Als je vaak op hetzelfde parcours rijdt, en je auto is precies zoals je hem hebt gekocht, heb je waarschijnlijk gemerkt dat de versnellingen niet goed overeenkomen met de uitgangen van de bochten of de rechte stukken. Misschien staat de tweede versnelling te laag en moet je meteen doorschakelen naar de derde, of misschien staat die versnelling te hoog en heb je niet genoeg koppel. Of misschien moet je juist aan het einde van het rechte stuk de motor overtoeren of juist even opschakelen voordat je remt.

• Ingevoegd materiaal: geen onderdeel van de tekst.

(* Let $d\ge 3$ and let $\mathcal M$ be a model of $\mathrm{PQM}_d$ with domain $\mathbb M$. Then there exists a function $\kappa:\mathbb M\to\mathbb H_d$ such that for all $m\in\mathbb M$ and all $p\in\mathbb H_d$, $$p\in F^{\mathcal M}(m)\iff \kappa(m)\le p,$$ equivalently $[m:p]^{\mathcal M}\iff[\kappa(m):p]^{\mathcal H_d}$. (That is, each $F^{\mathcal M}(m)$ has a least element $\kappa(m)$ and is the principal up-set it generates.)
   Context: Notation. For $d\ge 1$, $\mathbb H_d$ is the set of complex linear subspaces of $\mathbb C^d$, ordered by inclusion $\le$, with $\top=\mathbb C^d$, $\bot=\{0\}$, $p^\bot$ the orthogonal complement, $p\wedge q=p\cap q$ and $p\vee q=p+q$. $\mathbb U_d$ is the set of unitary operators on $\mathbb C^d$, and for $U\in\mathbb U_d$, $p\in\mathbb H_d$, $U(p)=\{Uv: v\in p\}$. The Sasaki projection is $p\,\&\,q := q\cap(q^\bot+p)$. Subspaces $p,q$ are compatible iff $p=(p\wedge q)\vee(p\wedge q^\bot)$. Language $\mathcal L_d$: a first-order language without equality and without constants, having a unary function symbol $u_U$ for each $U\in\mathbb U_d$, a unary function symbol $\pi_q$ for each $q\in\mathbb H_d$, and a unary relation symbol $[\,\cdot:p]$ for each $p\in\mathbb H_d$. Theory $\mathrm{PQM}_d$ (over $\mathcal L_d$) has the following axioms, for all $p,q\in\mathbb H_d$ and $U\in\mathbb U_d$: ($\neg\bot$) $\exists x\,\neg[x:\bot]$; ($\top$) $\forall x\,[x:\top]$; ($\le$) if $p\le q$: $\forall x\,([x:p]\to[x:q])$; ($\wedge$) if $p,q$ are compatible: $\forall x\,([x:p]\wedge[x:q]\to[x:p\wedge q])$; ($\pi_i$) $\forall x\,([x:p]\to[\pi_q(x):p\,\&\,q])$; ($\pi_c$) if $p\le q$: $\forall x\,([\pi_p(\pi_q(x)):\bot]\to[\pi_p(x):\bot])$; ($\pi_\bot$) $\forall x\,([\pi_q(x):\bot]\to[x:q^\bot])$; ($u_i$) $\forall x\,([x:p]\to[u_U(x):U(p)])$; ($u_e$) $\forall x\,([u_U(x):p]\to[x:U^{-1}(p)])$. Hilbert model $\mathcal H_d$: the $\mathcal L_d$-structure with domain $\mathbb H_d$, $u_U^{\mathcal H_d}(x)=U(x)$, $\pi_q^{\mathcal H_d}(x)=x\,\&\,q$, and $[x:p]^{\mathcal H_d}$ holds iff $x\le p$. Filter: for an $\mathcal L_d$-structure $\mathcal M$ with domain $\mathbb M$ and $m\in\mathbb M$, $F^{\mathcal M}(m)=\{p\in\mathbb H_d : [m:p]^{\mathcal M}\}$, where $[\,\cdot:p]^{\mathcal M}$ is the interpretation of the relation symbol $[\,\cdot:p]$ in $\mathcal M$. *)

theory Defs
  imports "HOL-Analysis.Analysis"
begin

text \<open>The Hilbert space C^d is modelled as complex ^ 'n with d = CARD('n).\<close>

definition csubspace :: "(complex ^ 'n) set \<Rightarrow> bool" where
  "csubspace S \<longleftrightarrow> 0 \<in> S \<and> (\<forall>x\<in>S. \<forall>y\<in>S. x + y \<in> S) \<and> (\<forall>c. \<forall>x\<in>S. c *s x \<in> S)"

definition cinner :: "complex ^ 'n \<Rightarrow> complex ^ 'n \<Rightarrow> complex" where
  "cinner v w = (\<Sum>i\<in>UNIV. cnj (v $ i) * w $ i)"

definition orth :: "(complex ^ 'n) set \<Rightarrow> (complex ^ 'n) set" where
  "orth p = {v. \<forall>w\<in>p. cinner w v = 0}"

definition ssum :: "(complex ^ 'n) set \<Rightarrow> (complex ^ 'n) set \<Rightarrow> (complex ^ 'n) set" where
  "ssum p q = {x + y | x y. x \<in> p \<and> y \<in> q}"

definition bot_sub :: "(complex ^ 'n) set" where
  "bot_sub = {0}"

definition sasaki :: "(complex ^ 'n) set \<Rightarrow> (complex ^ 'n) set \<Rightarrow> (complex ^ 'n) set" where
  "sasaki p q = q \<inter> ssum (orth q) p"

definition compatible :: "(complex ^ 'n) set \<Rightarrow> (complex ^ 'n) set \<Rightarrow> bool" where
  "compatible p q \<longleftrightarrow> p = ssum (p \<inter> q) (p \<inter> orth q)"

definition cadjoint :: "complex ^ 'n ^ 'n \<Rightarrow> complex ^ 'n ^ 'n" where
  "cadjoint U = (\<chi> i j. cnj (U $ j $ i))"

definition unitary :: "complex ^ 'n ^ 'n \<Rightarrow> bool" where
  "unitary U \<longleftrightarrow> cadjoint U ** U = mat 1 \<and> U ** cadjoint U = mat 1"

definition uimage :: "complex ^ 'n ^ 'n \<Rightarrow> (complex ^ 'n) set \<Rightarrow> (complex ^ 'n) set" where
  "uimage U p = (\<lambda>v. U *v v) ` p"

definition upreimage :: "complex ^ 'n ^ 'n \<Rightarrow> (complex ^ 'n) set \<Rightarrow> (complex ^ 'n) set" where
  "upreimage U p = {v. U *v v \<in> p}"

text \<open>An L_d-structure with domain M: interpretations u (of the u_U), proj (of the pi_q)
  and R (with R p x meaning [x:p]).  Being a model of PQM_d:\<close>
definition PQM_model ::
  "'m set \<Rightarrow> (complex ^ 'n ^ 'n \<Rightarrow> 'm \<Rightarrow> 'm) \<Rightarrow> ((complex ^ 'n) set \<Rightarrow> 'm \<Rightarrow> 'm)
     \<Rightarrow> ((complex ^ 'n) set \<Rightarrow> 'm \<Rightarrow> bool) \<Rightarrow> bool" where
  "PQM_model M u proj R \<longleftrightarrow>
     (\<forall>U. unitary U \<longrightarrow> (\<forall>x\<in>M. u U x \<in> M)) \<and>
     (\<forall>q. csubspace q \<longrightarrow> (\<forall>x\<in>M. proj q x \<in> M)) \<and>
     (\<exists>x\<in>M. \<not> R bot_sub x) \<and>
     (\<forall>x\<in>M. R UNIV x) \<and>
     (\<forall>p q. csubspace p \<longrightarrow> csubspace q \<longrightarrow> p \<subseteq> q \<longrightarrow> (\<forall>x\<in>M. R p x \<longrightarrow> R q x)) \<and>
     (\<forall>p q. csubspace p \<longrightarrow> csubspace q \<longrightarrow> compatible p q \<longrightarrow>
        (\<forall>x\<in>M. R p x \<and> R q x \<longrightarrow> R (p \<inter> q) x)) \<and>
     (\<forall>p q. csubspace p \<longrightarrow> csubspace q \<longrightarrow> (\<forall>x\<in>M. R p x \<longrightarrow> R (sasaki p q) (proj q x))) \<and>
     (\<forall>p q. csubspace p \<longrightarrow> csubspace q \<longrightarrow> p \<subseteq> q \<longrightarrow>
        (\<forall>x\<in>M. R bot_sub (proj p (proj q x)) \<longrightarrow> R bot_sub (proj p x))) \<and>
     (\<forall>q. csubspace q \<longrightarrow> (\<forall>x\<in>M. R bot_sub (proj q x) \<longrightarrow> R (orth q) x)) \<and>
     (\<forall>p U. csubspace p \<longrightarrow> unitary U \<longrightarrow> (\<forall>x\<in>M. R p x \<longrightarrow> R (uimage U p) (u U x))) \<and>
     (\<forall>p U. csubspace p \<longrightarrow> unitary U \<longrightarrow> (\<forall>x\<in>M. R p (u U x) \<longrightarrow> R (upreimage U p) x))"

end

theory Submission
  imports Defs
begin

(* Let W(m) be the set of vectors v with [m : v^\<bottom>]; then \<kappa>(m) = W(m)^\<bottom> works. Every p in the
   filter of m has p^\<bottom> \<subseteq> W(m), and conversely, once W(m) is known to be a subspace, its
   orthocomplement is reached from the hyperplanes v^\<bottom> (v \<in> W(m)) by meeting compatible
   subspaces, one orthogonal direction at a time.

   The heart is closure of W(m) under addition. Projecting m onto the plane P spanned by v and w,
   the Sasaki projections of v^\<bottom> and w^\<bottom> put two distinct lines of P into the filter of
   \<pi>_P(m). In dimension at least 3 two distinct lines in one filter force \<bottom>, so (\<pi>_\<bottom>) gives
   [m : P^\<bottom>] and P^\<bottom> \<subseteq> (v + w)^\<bottom>.

   For the two-line lemma: if the lines of x and y are in a filter and the projections of x and y
   onto w^\<bottom> are orthogonal, then projecting onto w^\<bottom> shows that the line of w is in the filter
   too. Using a direction orthogonal to x and y, such lines w come in pairs that are orthogonal when
   the angle between x and y is large (cot\<^sup>2 \<le> 1/8), and otherwise form a pair of lines
   with a smaller cot\<^sup>2 (by at least 1/12). Induction ends with two orthogonal lines, whose meet
   is \<bottom>. *)

section \<open>Complex inner product and subspaces\<close>

lemma cinner_add_left: "cinner (x + y) z = cinner x z + cinner y z"
  by (simp add: cinner_def sum.distrib[symmetric] distrib_right)

lemma cinner_add_right: "cinner z (x + y) = cinner z x + cinner z y"
  by (simp add: cinner_def sum.distrib[symmetric] distrib_left)

lemma cinner_diff_left: "cinner (x - y) z = cinner x z - cinner y z"
  by (simp add: cinner_def sum_subtractf[symmetric] left_diff_distrib)

lemma cinner_diff_right: "cinner z (x - y) = cinner z x - cinner z y"
  by (simp add: cinner_def sum_subtractf[symmetric] right_diff_distrib)

lemma cinner_scale_left: "cinner (c *s x) z = cnj c * cinner x z"
  by (simp add: cinner_def sum_distrib_left mult.assoc)

lemma cinner_scale_right: "cinner z (c *s x) = c * cinner z x"
  by (simp add: cinner_def sum_distrib_left mult.left_commute)

lemma cinner_zero_left [simp]: "cinner 0 z = 0"
  and cinner_zero_right [simp]: "cinner z 0 = 0"
  by (simp_all add: cinner_def)

lemmas cinner_simps = cinner_add_left cinner_add_right cinner_diff_left cinner_diff_right
  cinner_scale_left cinner_scale_right

lemma cinner_cnj: "cnj (cinner x y) = cinner y x"
  by (simp add: cinner_def mult.commute)

lemma cinner_eq_0_commute: "cinner x y = 0 \<longleftrightarrow> cinner y x = 0"
  by (metis cinner_cnj complex_cnj_zero)

lemma cinner_self: "cinner x x = complex_of_real ((norm x)\<^sup>2)"
proof -
  have "cinner x x = (\<Sum>i\<in>UNIV. complex_of_real ((cmod (x $ i))\<^sup>2))"
    unfolding cinner_def by (intro sum.cong refl) (metis complex_norm_square mult.commute)
  also have "\<dots> = complex_of_real ((norm x)\<^sup>2)"
    by (simp add: norm_vec_def L2_set_def sum_nonneg)
  finally show ?thesis .
qed

lemma cinner_self_eq_0 [simp]: "cinner x x = 0 \<longleftrightarrow> x = 0"
  by (simp add: cinner_self)

lemma cnj_mult_self: "cnj z * z = complex_of_real ((cmod z)\<^sup>2)"
  unfolding complex_norm_square by (rule mult.commute)

lemma inner_eq_Re_cinner: "inner x y = Re (cinner x y)"
  by (simp add: inner_vec_def cinner_def inner_complex_def)

lemma cinner_eq_0_iff_inner:
  "cinner x y = 0 \<longleftrightarrow> inner x y = 0 \<and> inner (\<i> *s x) y = 0"
proof -
  have "inner (\<i> *s x) y = Im (cinner x y)"
    by (simp add: inner_eq_Re_cinner cinner_scale_left)
  then show ?thesis by (simp add: inner_eq_Re_cinner complex_eq_iff)
qed

lemma scaleR_eq_scale: "r *\<^sub>R (x :: complex ^ 'n) = complex_of_real r *s x"
  by (vector scaleR_conv_of_real)

lemma csubspace_subspace: "csubspace S \<Longrightarrow> subspace S"
  unfolding csubspace_def subspace_def by (simp add: scaleR_eq_scale)

lemma csubspace_diff: "csubspace S \<Longrightarrow> x \<in> S \<Longrightarrow> y \<in> S \<Longrightarrow> x - y \<in> S"
  using subspace_diff csubspace_subspace by blast

lemma csubspace_inter: "csubspace p \<Longrightarrow> csubspace q \<Longrightarrow> csubspace (p \<inter> q)"
  unfolding csubspace_def by auto

lemma csubspace_orth: "csubspace (orth S)"
  unfolding csubspace_def orth_def by (simp add: cinner_simps)

lemma csubspace_ssum:
  assumes p: "csubspace p" and q: "csubspace q"
  shows "csubspace (ssum p q)"
  unfolding csubspace_def
proof (intro conjI ballI allI)
  show "0 \<in> ssum p q" using p q by (force simp: csubspace_def ssum_def)
next
  fix s t assume "s \<in> ssum p q" "t \<in> ssum p q"
  then obtain x y x' y' where "s = x + y" "t = x' + y'" "x \<in> p" "y \<in> q" "x' \<in> p" "y' \<in> q"
    by (auto simp: ssum_def)
  then have "s + t = (x + x') + (y + y')" "x + x' \<in> p" "y + y' \<in> q"
    using p q by (auto simp: csubspace_def algebra_simps)
  then show "s + t \<in> ssum p q" by (auto simp: ssum_def)
next
  fix c s assume "s \<in> ssum p q"
  then obtain x y where "s = x + y" "x \<in> p" "y \<in> q" by (auto simp: ssum_def)
  then have "c *s s = c *s x + c *s y" "c *s x \<in> p" "c *s y \<in> q"
    using p q by (auto simp: csubspace_def vector_add_ldistrib)
  then show "c *s s \<in> ssum p q" by (auto simp: ssum_def)
qed

lemma csubspace_sasaki: "csubspace p \<Longrightarrow> csubspace q \<Longrightarrow> csubspace (sasaki p q)"
  unfolding sasaki_def by (intro csubspace_inter csubspace_ssum csubspace_orth)

lemma orth_antimono: "S \<subseteq> T \<Longrightarrow> orth T \<subseteq> orth S"
  unfolding orth_def by auto

lemma orth_orth_superset: "S \<subseteq> orth (orth S)"
  unfolding orth_def using cinner_eq_0_commute by blast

Je hebt drie mogelijkheden om de situatie te verbeteren, hoewel je wegen kunnen worden beperkt door budget, beschikbare apparatuur, of de regels die door de sanctionerende instantie worden gedicteerd. U kunt de banddiameter veranderen, maar dit heeft meestal een klein effect op de overbrengingsverhouding en een groot effect op de rijeigenschappen en de rijhoogte. (Vergeet niet dat het verhogen van de auto ook invloed heeft op de aerodynamica.) Je tweede optie is om je auto uit te rusten met een snelwissel transmissie met veel overbrengingsverhoudingen beschikbaar in elke versnelling.

Als een bonus, dit zou het mogelijk kunnen maken voor u om rond te komen met slechts een differentieel ratio voor de meeste tracks. Ten slotte, als er weinig of geen opties voor de transmissie, dan hopelijk ten minste de eindaandrijving kan worden gewijzigd om verschillende tracks aan te passen. Dat zal echter de verhouding in elke versnelling met hetzelfde veelvoud veranderen, wat je waarschijnlijk in een andere bocht van slag zal brengen. Zoals we al zeiden, de realiteit van de situatie kan je beperken in welke van deze keuzes je kunt maken. Velen van ons zullen wellicht beperkt zijn tot een verandering van de eindoverbrenging of misschien de keuze tussen een paar verschillende transmissietandwielen. Toch is er altijd hoop.

Rendement versus vermogen

De ideale verhouding van het productiedifferentieel – de versnellingen bij de aandrijfwielen van de auto – voor de straat is zo hoog mogelijk voor een zuinig brandstofverbruik, met een toenemend aantal overbrengingsverhoudingen om een goede acceleratie te krijgen vanuit stilstand. Dat is de reden waarom sommige handgeschakelde versnellingsbakken nu tot zes versnellingen kunnen hebben, met mogelijk als hoogste versnelling een overdrive. Maar of je nu een beginner of een pro bent, de optimale oplossing voor competitie is altijd hetzelfde:

Ten eerste, identificeer de verhoudingen die het maximale gebied onder de koppelkromme van je motor creëren tussen minimum en maximum tpm in elk acceleratie segment of rechte stuk; en ten tweede, verminder de schakelbelasting voor de bestuurder. De versnelling is meestal de laatste fase in het afstellen van een race wagen, omdat het afhangt van de snelheid waarmee een bocht wordt verlaten en de topsnelheid op het rechte stuk, die afhangt van de uiteindelijke ontwikkeling van het vermogen in de bochten, het remmen en de aerodynamica. Niet alleen heeft de versnelling weinig invloed op deze factoren, het is een ding dat relatief gemakkelijk is aan te passen op het laatste moment-in race auto’s die snel verwisselbare verhoudingen hebben.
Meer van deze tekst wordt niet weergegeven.